lemma funpow_Bq_fun_one_le_norm: "(Bq_fun q \<tau> ^^ n) (\<lambda>_. 1) x \<le> norm (blinfun_pow (Bq_op q \<tau>) n)"
proof -
  let ?T = "blinfun_pow (Bq_op q \<tau>) n" and ?one = "const_bcontfun (1::real) :: 'x \<Rightarrow>\<^sub>C real"
  have "norm ?one \<le> 1" by (rule norm_bound) simp
  have "(Bq_fun q \<tau> ^^ n) (\<lambda>_. 1) x = apply_bcontfun (blinfun_apply ?T ?one) x"
    by (simp add: blinfun_pow_Bq_op_apply)
  also have "\<dots> \<le> norm (blinfun_apply ?T ?one)" using norm_bounded[of "blinfun_apply ?T ?one" x] by simp
  also have "\<dots> \<le> norm ?T * norm ?one" by (rule norm_blinfun)
  also have "\<dots> \<le> norm ?T" using \<open>norm ?one \<le> 1\<close> by (simp add: mult_left_le)
  finally show ?thesis .
qed

lemma Bq_fun_interpolation_error:
  fixes \<phi> :: "'x \<Rightarrow> 'x \<Rightarrow> real" and f :: "'x \<Rightarrow> real"
  assumes \<phi>: "\<And>j. continuous_on UNIV (\<phi> j)" "\<And>j x. 0 \<le> \<phi> j x" "\<And>x. (\<Sum>j\<in>F. \<phi> j x) = 1"
      "\<And>j x. \<phi> j x \<noteq> 0 \<Longrightarrow> dist x j < r"
    and f: "continuous_on UNIV f" and f_unif: "\<And>x y. dist x y < r \<Longrightarrow> \<bar>f x - f y\<bar> \<le> \<eta>"
  shows "\<bar>Bq_fun q \<tau> f i - (\<Sum>j\<in>F. f j * Bq_fun q \<tau> (\<phi> j) i)\<bar> \<le> \<eta> * C"
proof -
  define f' where "f' y = (\<Sum>j\<in>F. f j * \<phi> j y)" for y
  have f'_cont: "continuous_on UNIV f'"
    unfolding f'_def[abs_def] by (intro continuous_intros \<phi>(1))
  have "Bq_fun q \<tau> f' i = (\<Sum>j\<in>F. f j * Bq_fun q \<tau> (\<phi> j) i)"
    unfolding f'_def using \<phi>(1) by (simp add: Bq_fun_sum Bq_fun_scale continuous_intros)
  then have "Bq_fun q \<tau> f i - (\<Sum>j\<in>F. f j * Bq_fun q \<tau> (\<phi> j) i) = Bq_fun q \<tau> (\<lambda>y. f y - f' y) i"
    using Bq_fun_diff[OF f f'_cont, of i] by simp
  also have "\<bar>\<dots>\<bar> \<le> \<eta> * C"
    using f f'_cont partition_of_unity_interpolation_error[OF \<phi>(2) \<phi>(3) \<phi>(4) f_unif]
    by (intro abs_Bq_fun_le) (auto simp: f'_def intro: continuous_on_diff)
  finally show ?thesis .
qed

lemma approx_eigen_estimate:
  fixes \<phi> :: "'x \<Rightarrow> 'x \<Rightarrow> real" and f :: "'x \<Rightarrow> real"
  assumes \<phi>: "\<And>j. continuous_on UNIV (\<phi> j)" "\<And>j x. 0 \<le> \<phi> j x" "\<And>x. (\<Sum>j\<in>F. \<phi> j x) = 1"
      "\<And>j x. \<phi> j x \<noteq> 0 \<Longrightarrow> dist x j < r"
    and w: "\<And>i. i \<in> F \<Longrightarrow> 0 \<le> w i" "sum w F = 1"
    and A: "\<And>i j. A i j = Bq_fun q \<tau> (\<phi> j) i"
    and defect: "(\<Sum>j\<in>F. \<bar>vec_mat F A w j - \<rho> * w j\<bar>) \<le> e"
    and f: "continuous_on UNIV f" and f_unif: "\<And>x y. dist x y < r \<Longrightarrow> \<bar>f x - f y\<bar> \<le> \<eta>"
    and f_bound: "\<And>x. \<bar>f x\<bar> \<le> B"
  shows "\<bar>(\<Sum>i\<in>F. w i * Bq_fun q \<tau> f i) - \<rho> * (\<Sum>i\<in>F. w i * f i)\<bar> \<le> C * \<eta> + e * B"
proof -
  define E1 where "E1 = (\<Sum>i\<in>F. w i * (Bq_fun q \<tau> f i - (\<Sum>j\<in>F. f j * A i j)))"
  define E2 where "E2 = (\<Sum>j\<in>F. (vec_mat F A w j - \<rho> * w j) * f j)"
  have "(\<Sum>i\<in>F. w i * (\<Sum>j\<in>F. f j * A i j)) = (\<Sum>j\<in>F. vec_mat F A w j * f j)"
    unfolding sum_vec_mat_mult mat_vec_def by (simp add: mult.commute)
  then have "(\<Sum>i\<in>F. w i * Bq_fun q \<tau> f i) - \<rho> * (\<Sum>i\<in>F. w i * f i) = E1 + E2"
    by (simp add: E1_def E2_def algebra_simps sum_subtractf sum.distrib sum_distrib_left)
  moreover have "\<bar>E1\<bar> \<le> C * \<eta>"
  proof -
    have "\<bar>E1\<bar> \<le> (\<Sum>i\<in>F. w i * (\<eta> * C))"
      unfolding E1_def A using w(1) Bq_fun_interpolation_error[OF \<phi> f f_unif]
      by (intro order_trans[OF sum_abs sum_mono]) (simp add: abs_mult mult_left_mono)
    also have "\<dots> = C * \<eta>" using w(2) by (simp add: sum_distrib_right[symmetric])
    finally show ?thesis .
  qed
  moreover have "\<bar>E2\<bar> \<le> e * B"
  proof -
    have "\<bar>E2\<bar> \<le> (\<Sum>j\<in>F. \<bar>vec_mat F A w j - \<rho> * w j\<bar> * B)"
      unfolding E2_def using f_bound
      by (intro order_trans[OF sum_abs sum_mono]) (simp add: abs_mult mult_left_mono)
    also have "\<dots> \<le> e * B"
      using defect order_trans[OF abs_ge_zero f_bound] by (simp add: sum_distrib_right[symmetric] mult_right_mono)
    finally show ?thesis .
  qed
  ultimately show ?thesis by linarith
qed

definition approx_eigen_pmf :: "real \<Rightarrow> real \<Rightarrow> 'x pmf \<Rightarrow> real \<Rightarrow> bool" where
  "approx_eigen_pmf r e p \<rho> \<longleftrightarrow> c \<le> \<rho> \<and> \<rho> \<le> C \<and>
     (\<forall>f \<eta> B. continuous_on UNIV f \<longrightarrow> (\<forall>x y. dist x y < r \<longrightarrow> \<bar>f x - f y\<bar> \<le> \<eta>) \<longrightarrow>
       (\<forall>x. \<bar>f x\<bar> \<le> B) \<longrightarrow>
       \<bar>(\<integral>x. Bq_fun q \<tau> f x \<partial>p) - \<rho> * (\<integral>x. f x \<partial>p)\<bar> \<le> C * \<eta> + e * B)"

Action item: With the first line of the material as the start and the line containing "norm (blinfun_apply ?T" as the end, repeat that span exactly and add nothing.

Problem solution:
lemma funpow_Bq_fun_one_le_norm: "(Bq_fun q \<tau> ^^ n) (\<lambda>_. 1) x \<le> norm (blinfun_pow (Bq_op q \<tau>) n)"
proof -
  let ?T = "blinfun_pow (Bq_op q \<tau>) n" and ?one = "const_bcontfun (1::real) :: 'x \<Rightarrow>\<^sub>C real"
  have "norm ?one \<le> 1" by (rule norm_bound) simp
  have "(Bq_fun q \<tau> ^^ n) (\<lambda>_. 1) x = apply_bcontfun (blinfun_apply ?T ?one) x"
    by (simp add: blinfun_pow_Bq_op_apply)
  also have "\<dots> \<le> norm (blinfun_apply ?T ?one)" using norm_bounded[of "blinfun_apply ?T ?one" x] by simp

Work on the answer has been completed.